CFN – Arthritic hip and knee pain is very common among older adults and must be managed appropriately. This sentiment is echoed in the basement office of Madeleine MacDonell, Physiotherapist, at the Cornwall Community Hospital. MacDonell is the assessor for the Total Joint Assessment Clinic (TJAC) of the Champlain Local Health Integration Network (LHIN), the Hip and Knee Replacement Program (HKRP), and the Pre-habilitation Program located at the Second Street Site.
Physiotherapists are very well trained in orthopedic assessments and assessors in TJAC, having received further training by orthopaedic surgeons to assess who are appropriate candidates for total joint replacement surgery. Recently, qualifications for physiotherapists have risen. It is now mandatory for anyone who wishes to become a physiotherapist to obtain their Master’s degree at one of the fourteen accredited schools in Canada.
Referred directly by family physicians, patients are seen by an assessor within a couple of weeks. MacDonell assesses patients with hip and knee pain and determines if they are potential candidates for total joint replacement surgery. This decision is based on their symptoms, their functional status, and X-Rays of the particular joint; age, lifestyle, health status and previously tried treatment are also considered when deciding what the best path is for optimum quality of life. Surgery should only be considered when all other conservative management strategies have failed.

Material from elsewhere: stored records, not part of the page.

(* For every $n \ge 1$, every extremal point $\rho$ of $\Gamma(n)$ satisfies $\mathrm{rank}(\rho) \le \sqrt{2n^2 - 1}$. Equivalently, $MR(n) \le \sqrt{2n^2-1}$.
   Context: A state $\rho$ on $M_n(\mathbb{C}) \otimes M_n(\mathbb{C})$ is a marginal tracial state if $\rho(A\otimes I) = \mathrm{tr}(A)$ and $\rho(I \otimes B) = \mathrm{tr}(B)$ for all $A,B \in M_n(\mathbb{C})$, where $\mathrm{tr}$ is the normalized trace. $\Gamma(n)$ is the convex set of all marginal tracial states on $M_n(\mathbb{C}) \otimes M_n(\mathbb{C})$. For a state $\rho$, $\mathrm{rank}(\rho)$ is the rank of its density matrix. $MR(n)$ denotes the maximum of $\mathrm{rank}(\rho)$ over all extremal points $\rho$ of $\Gamma(n)$. *)

theory Defs
  imports "HOL-Analysis.Analysis"
begin

definition kron :: "complex^'n^'n \<Rightarrow> complex^'n^'n \<Rightarrow> complex^('n \<times> 'n)^('n \<times> 'n)" where
  "kron A B = (\<chi> p. \<chi> q. A $ fst p $ fst q * B $ snd p $ snd q)"

definition psd :: "complex^'k^'k \<Rightarrow> bool" where
  "psd D \<longleftrightarrow> (\<forall>x :: complex^'k.
      Im (\<Sum>i\<in>UNIV. cnj (x $ i) * (D *v x) $ i) = 0 \<and>
      0 \<le> Re (\<Sum>i\<in>UNIV. cnj (x $ i) * (D *v x) $ i))"

text \<open>Density matrix of a state: positive semidefinite with trace one.
  The state associated with D is X \<mapsto> trace (D ** X).\<close>
definition density :: "complex^'k^'k \<Rightarrow> bool" where
  "density D \<longleftrightarrow> psd D \<and> trace D = 1"

definition ntr :: "complex^('n::finite)^'n \<Rightarrow> complex" where
  "ntr A = trace A / of_nat CARD('n)"

text \<open>Gamma(n), represented via density matrices: marginal tracial states on M_n \<otimes> M_n.\<close>
definition Gamma :: "(complex^('n::finite \<times> 'n)^('n \<times> 'n)) set" where
  "Gamma = {D. density D \<and>
     (\<forall>A :: complex^'n^'n. trace (D ** kron A (mat 1)) = ntr A) \<and>
     (\<forall>B :: complex^'n^'n. trace (D ** kron (mat 1) B) = ntr B)}"

end

theory Submission
  imports Defs
begin

(*
  Let D be the density matrix of rho and r = rank D.  For every matrix K the
  "compression" D K D is supported on the range of D, so D + t (D K D) stays positive
  semidefinite for all sufficiently small real t, provided D K D is Hermitian.  If moreover
  both partial traces of D K D vanish, all constraints defining Gamma(n) are preserved, so
  D would be the midpoint of two distinct points of Gamma(n) unless D K D = 0.  Hence an
  extreme D admits no nonzero Hermitian compression with vanishing partial traces.
  Conversely, the compressions D K D with K supported on an r x r block of independent rows
  form an r^2-dimensional complex space, while the pair of partial traces lives in a space of
  dimension 2n^2 - 1 (both partial traces have the same trace).  If r^2 >= 2n^2 a nonzero
  compression with vanishing partial traces exists, and its Hermitian or anti-Hermitian part
  gives a contradiction.
*)


definition sesq :: "complex^'k^'k \<Rightarrow> complex^'k \<Rightarrow> complex^'k \<Rightarrow> complex" where
  "sesq M y x = (\<Sum>i\<in>UNIV. cnj (y $ i) * (M *v x) $ i)"

lemma sesq_expand: "sesq M y x = (\<Sum>i\<in>UNIV. \<Sum>j\<in>UNIV. cnj (y$i) * M$i$j * x$j)"
  unfolding sesq_def matrix_vector_mult_def by (simp add: sum_distrib_left mult.assoc)

lemma psd_iff_sesq: "psd D \<longleftrightarrow> (\<forall>x. Im (sesq D x x) = 0 \<and> 0 \<le> Re (sesq D x x))"
  unfolding psd_def sesq_def by simp

lemma sesq_add_left: "sesq M (y + z) x = sesq M y x + sesq M z x"
  unfolding sesq_def by (simp add: distrib_right sum.distrib)

lemma sesq_add_right: "sesq M y (x + z) = sesq M y x + sesq M y z"
  unfolding sesq_def by (simp add: matrix_vector_right_distrib distrib_left sum.distrib)

lemma sesq_scale_left: "sesq M (c *s y) x = cnj c * sesq M y x"
  unfolding sesq_def by (simp add: sum_distrib_left mult.assoc)

lemma sesq_scale_right: "sesq M y (c *s x) = c * sesq M y x"
  unfolding sesq_expand by (simp add: sum_distrib_left algebra_simps)

lemma sesq_matrix_perturb: "sesq (D + t *\<^sub>R H) y x = sesq D y x + t *\<^sub>R sesq H y x"
  unfolding sesq_expand by (simp add: distrib_left distrib_right sum.distrib scale_sum_right)

lemma sesq_axis: "sesq M (axis i a) (axis j b) = cnj a * M$i$j * b"
  unfolding sesq_def matrix_vector_mult_def axis_def
  by (simp add: if_distrib if_distribR cong: if_cong)


(* Hermitian matrices; positive semidefinite matrices are Hermitian (polarisation). *)
definition hermitian :: "complex^'k^'k \<Rightarrow> bool" where
  "hermitian D \<longleftrightarrow> (\<forall>i j. D$i$j = cnj (D$j$i))"

lemma hermitian_cnj: "hermitian D \<Longrightarrow> cnj (D$i$j) = D$j$i"
  unfolding hermitian_def by metis

lemma psd_hermitian:
  assumes "psd D"
  shows "hermitian D"
  unfolding hermitian_def
proof (intro allI)
  fix i j
  have real: "Im (sesq D x x) = 0" for x using assms psd_iff_sesq by blast
  have polar: "sesq D (axis i 1 + axis j c) (axis i 1 + axis j c)
      = D$i$i + D$i$j * c + cnj c * D$j$i + cnj c * D$j$j * c" for c
    by (simp add: sesq_add_left sesq_add_right sesq_axis)
  have ii: "Im (D$i$i) = 0" and jj: "Im (D$j$j) = 0"
    using real[of "axis i 1"] real[of "axis j 1"] by (simp_all add: sesq_axis)
  have "Im (D$i$j) + Im (D$j$i) = 0"
    using real[of "axis i 1 + axis j 1"] polar[of 1] ii jj by simp
  moreover have "Re (D$i$j) - Re (D$j$i) = 0"
    using real[of "axis i 1 + axis j \<i>"] polar[of \<i>] ii jj by simp
  ultimately show "D$i$j = cnj (D$j$i)" by (simp add: complex_eq_iff)
qed

lemma sesq_hermitian_swap:
  assumes "hermitian D"
  shows "sesq D x y = cnj (sesq D y x)"
proof -
  have "cnj (sesq D y x) = (\<Sum>i\<in>UNIV. \<Sum>j\<in>UNIV. y$i * D$j$i * cnj (x$j))"
    unfolding sesq_expand using hermitian_cnj[OF assms] by (simp add: mult.assoc)
  also have "\<dots> = (\<Sum>j\<in>UNIV. \<Sum>i\<in>UNIV. y$i * D$j$i * cnj (x$j))" by (rule sum.swap)
  also have "\<dots> = sesq D x y" unfolding sesq_expand by (simp add: mult_ac)
  finally show ?thesis by simp
qed

lemma sesq_hermitian_real: "hermitian H \<Longrightarrow> Im (sesq H x x) = 0"
  using sesq_hermitian_swap[of H x x] by (metis cnj.sel(2) complex_eq_iff neg_equal_zero)

lemma sesq_hermitian_move:
  assumes "hermitian D"
  shows "sesq D x z = (\<Sum>j\<in>UNIV. cnj ((D *v x)$j) * z$j)"
proof -
  have "(\<Sum>j\<in>UNIV. cnj ((D *v x)$j) * z$j) = (\<Sum>j\<in>UNIV. \<Sum>i\<in>UNIV. cnj (x$i) * D$i$j * z$j)"
    using hermitian_cnj[OF assms] unfolding matrix_vector_mult_def
    by (simp add: sum_distrib_right sum_distrib_left mult.commute mult.left_commute)
  also have "\<dots> = sesq D x z" unfolding sesq_expand by (rule sum.swap)
  finally show ?thesis by simp
qed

The assessor provides the patient with information regarding the surgery and conservative management and helps the patient choose the best option for them. “Our goal is to educate patients so they can make an informed decision on what the next step for them should be,” said MacDonell. “We want people to feel confident when they leave the clinic by arming them with the knowledge required to focus on their goals and achieve a better quality of life. That’s what it’s all about.”
Only patients who are surgical candidates and who want surgery are offered a surgical consult. This helps maximize the surgeon’s time and helps reduce the wait time for those who need the surgery. “Patients who do qualify for an operation can choose a specific surgeon or location or can choose to see the next available surgeon within the region in which case the process will be much faster,” explains MacDonell. Although generally very successful, total joint replacement surgery is an invasive procedure with certain risks which must be considered. MacDonell explains that there are other alternative options such as physiotherapy, use of a gait aid (cane or walker), exercise programs, weight loss, medications and injections which are sometimes most appropriate for the patient, especially in the earlier and mid stages of arthritis.
The patient is ultimately responsible for the decisions made regarding their treatment from conservative management to surgery; they play the key role post op.
“Because the artificial knee and hip joints last approximately 15 years on average, it is important to optimize all factors to improve the longevity of the joint: reduce excessive strain, maintain a healthy weight, exercise. Younger patients are often encouraged to postpone surgery as long as possible in order to avoid having to revise the joint replacement at a later date”.
Before TJAC came to Cornwall in 2010, a trial was conducted at Queensway Carleton Hospital where decreased length of stays and improved wait times were discovered. Locally, it has been a success as well, with results being shorter wait times within the region, which allows those who are suffering to get their surgeries much quicker.
The need for joint replacements continues to grow. Last year the total number of referrals in the Champlain LHIN was close to 5000, with 300 of these from the Cornwall Community Hospital assessment centre.